* _Dataset records_:

———

(* Let $n\ge 1$ and $d\ge 2$ be integers. Consider the $(n,d)$ random access code task: Alice receives a string $x=x_1x_2\cdots x_n$ with each $x_i\in\{1,\dots,d\}$, drawn uniformly from all $d^n$ strings; Bob receives $y\in\{1,\dots,n\}$ uniformly at random and outputs $z\in\{1,\dots,d\}$. A classical protocol consists of an encoding, i.e. conditional probability distributions $p_e(m|x)$ over messages $m$ from a finite set of arbitrary size, and a decoding, i.e. conditional probability distributions $p_d(z|y,m)$; it yields $p(z|x,y)=\sum_m p_e(m|x)p_d(z|y,m)$. Its success metric is $$\mathcal{S}_C(n,d)=\frac{1}{n d^n}\sum_{x,y} p(z=x_y\,|\,x,y),$$ and its distinguishability is $$\mathcal{D}_C=\frac{1}{d^n}\sum_m \max_x p_e(m|x).$$ Then every classical protocol satisfies $$n\,\mathcal{S}_C(n,d)+1-n\le \mathcal{D}_C.$$ *)

theory Defs
  imports Complex_Main
begin

text \<open>Strings x = x_1 ... x_n with letters in {1..d}, represented as lists of length n;
  x_y (for y in {1..n}) is xs ! (y - 1).\<close>
definition rac_strings :: "nat \<Rightarrow> nat \<Rightarrow> nat list set" where
  "rac_strings n d = {xs. length xs = n \<and> set xs \<subseteq> {1..d}}"

text \<open>A classical protocol with message set M: encoding pe x m = p_e(m|x),
  decoding pd y m z = p_d(z|y,m); both conditional probability distributions.\<close>
definition classical_protocol ::
  "nat \<Rightarrow> nat \<Rightarrow> 'm set \<Rightarrow> (nat list \<Rightarrow> 'm \<Rightarrow> real) \<Rightarrow> (nat \<Rightarrow> 'm \<Rightarrow> nat \<Rightarrow> real) \<Rightarrow> bool" where
  "classical_protocol n d M pe pd \<longleftrightarrow>
     finite M \<and>
     (\<forall>x\<in>rac_strings n d. (\<forall>m\<in>M. pe x m \<ge> 0) \<and> (\<Sum>m\<in>M. pe x m) = 1) \<and>
     (\<forall>y\<in>{1..n}. \<forall>m\<in>M. (\<forall>z\<in>{1..d}. pd y m z \<ge> 0) \<and> (\<Sum>z\<in>{1..d}. pd y m z) = 1)"

definition rac_prob ::
  "'m set \<Rightarrow> (nat list \<Rightarrow> 'm \<Rightarrow> real) \<Rightarrow> (nat \<Rightarrow> 'm \<Rightarrow> nat \<Rightarrow> real) \<Rightarrow> nat \<Rightarrow> nat list \<Rightarrow> nat \<Rightarrow> real" where
  "rac_prob M pe pd z x y = (\<Sum>m\<in>M. pe x m * pd y m z)"

definition success_C ::
  "nat \<Rightarrow> nat \<Rightarrow> 'm set \<Rightarrow> (nat list \<Rightarrow> 'm \<Rightarrow> real) \<Rightarrow> (nat \<Rightarrow> 'm \<Rightarrow> nat \<Rightarrow> real) \<Rightarrow> real" where
  "success_C n d M pe pd =
     1 / (real n * real d ^ n) *
     (\<Sum>x\<in>rac_strings n d. \<Sum>y\<in>{1..n}. rac_prob M pe pd (x ! (y - 1)) x y)"

definition distinguishability_C ::
  "nat \<Rightarrow> nat \<Rightarrow> 'm set \<Rightarrow> (nat list \<Rightarrow> 'm \<Rightarrow> real) \<Rightarrow> real" where
  "distinguishability_C n d M pe =
     1 / real d ^ n * (\<Sum>m\<in>M. Max ((\<lambda>x. pe x m) ` rac_strings n d))"

end

theory Submission
  imports Defs "HOL-Analysis.Infinite_Products"
begin

text \<open>Fix a message m and read the decoder as guessing, independently at every position i,
  a letter with probability p_d(z|i,m). By the Weierstrass product inequality, the expected
  number of correct positions exceeds n - 1 by at most the probability that the whole string x
  is guessed correctly. Weighting with p_e(m|x) and bounding p_e(m|x) by its maximum over x,
  the product distribution of guesses sums to 1 over all strings, so message m contributes at
  most max_x p_e(m|x).\<close>

lemma sum_lists_length_prod:
  fixes p :: "nat \<Rightarrow> 'a \<Rightarrow> 'b::comm_semiring_1"
  shows "(\<Sum>xs | set xs \<subseteq> A \<and> length xs = n. \<Prod>i<n. p i (xs ! i)) = (\<Prod>i<n. \<Sum>z\<in>A. p i z)"
proof (induction n arbitrary: p)
  case 0
  have "{xs. set xs \<subseteq> A \<and> length xs = 0} = {[]}" by auto
  then show ?case by simp
next
  case (Suc n)
  let ?L = "{xs. set xs \<subseteq> A \<and> length xs = n}"
  have inj: "inj_on (\<lambda>(xs, z). z # xs) (?L \<times> A)"
    by (auto simp: inj_on_def)
  have "(\<Sum>xs | set xs \<subseteq> A \<and> length xs = Suc n. \<Prod>i<Suc n. p i (xs ! i))
      = (\<Sum>(xs, z)\<in>?L \<times> A. \<Prod>i<Suc n. p i ((z # xs) ! i))"
    unfolding lists_length_Suc_eq by (subst sum.reindex[OF inj]) (simp add: case_prod_unfold)
  also have "\<dots> = (\<Sum>z\<in>A. p 0 z * (\<Sum>xs\<in>?L. \<Prod>i<n. p (Suc i) (xs ! i)))"
    by (subst sum.cartesian_product[symmetric], subst sum.swap)
      (simp add: prod.lessThan_Suc_shift sum_distrib_left del: prod.lessThan_Suc)
  also have "\<dots> = (\<Prod>i<Suc n. \<Sum>z\<in>A. p i z)"
    by (simp add: Suc.IH[of "\<lambda>i. p (Suc i)"] prod.lessThan_Suc_shift sum_distrib_right del: prod.lessThan_Suc)
  finally show ?case .
qed

lemma sum_positions_le_prod:
  fixes a :: "nat \<Rightarrow> real"
  assumes "\<And>i. i < n \<Longrightarrow> a i \<in> {0..1}"
  shows "(\<Sum>i<n. a i) \<le> real n - 1 + (\<Prod>i<n. a i)"
proof -
  have "1 - (\<Sum>i<n. 1 - a i) \<le> (\<Prod>i<n. 1 - (1 - a i))"
    using assms by (intro Weierstrass_prod_ineq) auto
  then show ?thesis by (simp add: sum_subtractf)
qed

lemma sum_weighted_correct_positions_le:
  fixes A :: "'a set" and n :: nat and w :: "'a list \<Rightarrow> real" and q :: "nat \<Rightarrow> 'a \<Rightarrow> real"
  defines "L \<equiv> {xs. set xs \<subseteq> A \<and> length xs = n}"
  assumes "finite A"
    and w_nonneg: "\<And>x. x \<in> L \<Longrightarrow> 0 \<le> w x" and w_le: "\<And>x. x \<in> L \<Longrightarrow> w x \<le> B"
    and q_nonneg: "\<And>i z. i < n \<Longrightarrow> z \<in> A \<Longrightarrow> 0 \<le> q i z"
    and q_sum: "\<And>i. i < n \<Longrightarrow> (\<Sum>z\<in>A. q i z) = 1"
  shows "(\<Sum>x\<in>L. w x * (\<Sum>i<n. q i (x ! i))) \<le> B + (real n - 1) * (\<Sum>x\<in>L. w x)"
proof -
  have letter: "x ! i \<in> A" if "x \<in> L" "i < n" for x i
    using that by (auto simp: L_def)
  have q01: "q i (x ! i) \<in> {0..1}" if "x \<in> L" "i < n" for x i
  proof -
    have "q i (x ! i) \<le> (\<Sum>z\<in>A. q i z)"
      using letter[OF that] q_nonneg[OF that(2)] \<open>finite A\<close> by (intro member_le_sum) auto
    then show ?thesis
      using q_nonneg[OF that(2) letter[OF that]] q_sum[OF that(2)] by simp
  qed
  have "(\<Sum>x\<in>L. w x * (\<Sum>i<n. q i (x ! i)))
      \<le> (\<Sum>x\<in>L. w x * (real n - 1 + (\<Prod>i<n. q i (x ! i))))"
    by (intro sum_mono mult_left_mono sum_positions_le_prod q01 w_nonneg)
  also have "\<dots> = (real n - 1) * (\<Sum>x\<in>L. w x) + (\<Sum>x\<in>L. w x * (\<Prod>i<n. q i (x ! i)))"
    by (simp add: sum_distrib_left sum.distrib[symmetric] algebra_simps)
  also have "(\<Sum>x\<in>L. w x * (\<Prod>i<n. q i (x ! i))) \<le> (\<Sum>x\<in>L. B * (\<Prod>i<n. q i (x ! i)))"
    using q01 by (intro sum_mono mult_right_mono w_le prod_nonneg) auto
  also have "\<dots> = B"
    by (simp add: L_def sum_distrib_left[symmetric] sum_lists_length_prod q_sum)
  finally show ?thesis by simp
qed

lemma sum_rac_prob_correct_eq:
  "(\<Sum>x\<in>X. \<Sum>y\<in>{1..n}. rac_prob M pe pd (x ! (y - 1)) x y)
    = (\<Sum>m\<in>M. \<Sum>x\<in>X. pe x m * (\<Sum>i<n. pd (Suc i) m (x ! i)))"
proof -
  have "(\<Sum>y\<in>{1..n}. rac_prob M pe pd (x ! (y - 1)) x y)
      = (\<Sum>m\<in>M. pe x m * (\<Sum>i<n. pd (Suc i) m (x ! i)))" for x
    by (simp add: sum.atLeast1_atMost_eq rac_prob_def sum_distrib_left sum.swap[of _ M])
  then show ?thesis
    by (simp add: sum.swap[of _ X])
qed

lemma rac_strings_eq_lists: "rac_strings n d = {xs. set xs \<subseteq> {1..d} \<and> length xs = n}"
  by (auto simp: rac_strings_def)

theorem theorem1:
  fixes n d :: nat and M :: "'m set"
    and pe :: "nat list \<Rightarrow> 'm \<Rightarrow> real" and pd :: "nat \<Rightarrow> 'm \<Rightarrow> nat \<Rightarrow> real"
  assumes "n \<ge> 1" and "d \<ge> 2"
    and "classical_protocol n d M pe pd"
  shows "real n * success_C n d M pe pd + 1 - real n \<le> distinguishability_C n d M pe"
proof -
  let ?R = "rac_strings n d"
  let ?Q = "\<lambda>m. Max ((\<lambda>x. pe x m) ` ?R)"
  let ?correct = "\<lambda>m x. \<Sum>i<n. pd (Suc i) m (x ! i)"
  have cardR: "card ?R = d ^ n"
    by (simp add: rac_strings_eq_lists card_lists_length_eq)
  have "(\<Sum>x\<in>?R. pe x m * ?correct m x) \<le> ?Q m + (real n - 1) * (\<Sum>x\<in>?R. pe x m)"
    if "m \<in> M" for m
    using assms(3) that unfolding rac_strings_eq_lists
    by (intro sum_weighted_correct_positions_le Max_ge finite_imageI finite_lists_length_eq)
      (auto simp: classical_protocol_def rac_strings_eq_lists)
  then have "(\<Sum>m\<in>M. \<Sum>x\<in>?R. pe x m * ?correct m x)
      \<le> (\<Sum>m\<in>M. ?Q m + (real n - 1) * (\<Sum>x\<in>?R. pe x m))"
    by (rule sum_mono)
  also have "\<dots> = (\<Sum>m\<in>M. ?Q m) + (real n - 1) * (\<Sum>x\<in>?R. \<Sum>m\<in>M. pe x m)"
    by (simp add: sum.distrib sum_distrib_left sum.swap[of _ M])
  also have "(\<Sum>x\<in>?R. \<Sum>m\<in>M. pe x m) = real d ^ n"
    using assms(3) cardR by (simp add: classical_protocol_def)
  finally have "real n * success_C n d M pe pd \<le> distinguishability_C n d M pe + (real n - 1)"
    using assms(1,2) unfolding success_C_def distinguishability_C_def sum_rac_prob_correct_eq
    by (simp add: field_simps)
  then show ?thesis by simp
qed

end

———

* _Requirement_:
Which lines in the data above hold the string "swap"? Return each of them.

* _Final answer_:
    by (subst sum.cartesian_product[symmetric], subst sum.swap)
    by (simp add: sum.atLeast1_atMost_eq rac_prob_def sum_distrib_left sum.swap[of _ M])
    by (simp add: sum.swap[of _ X])
    by (simp add: sum.distrib sum_distrib_left sum.swap[of _ M])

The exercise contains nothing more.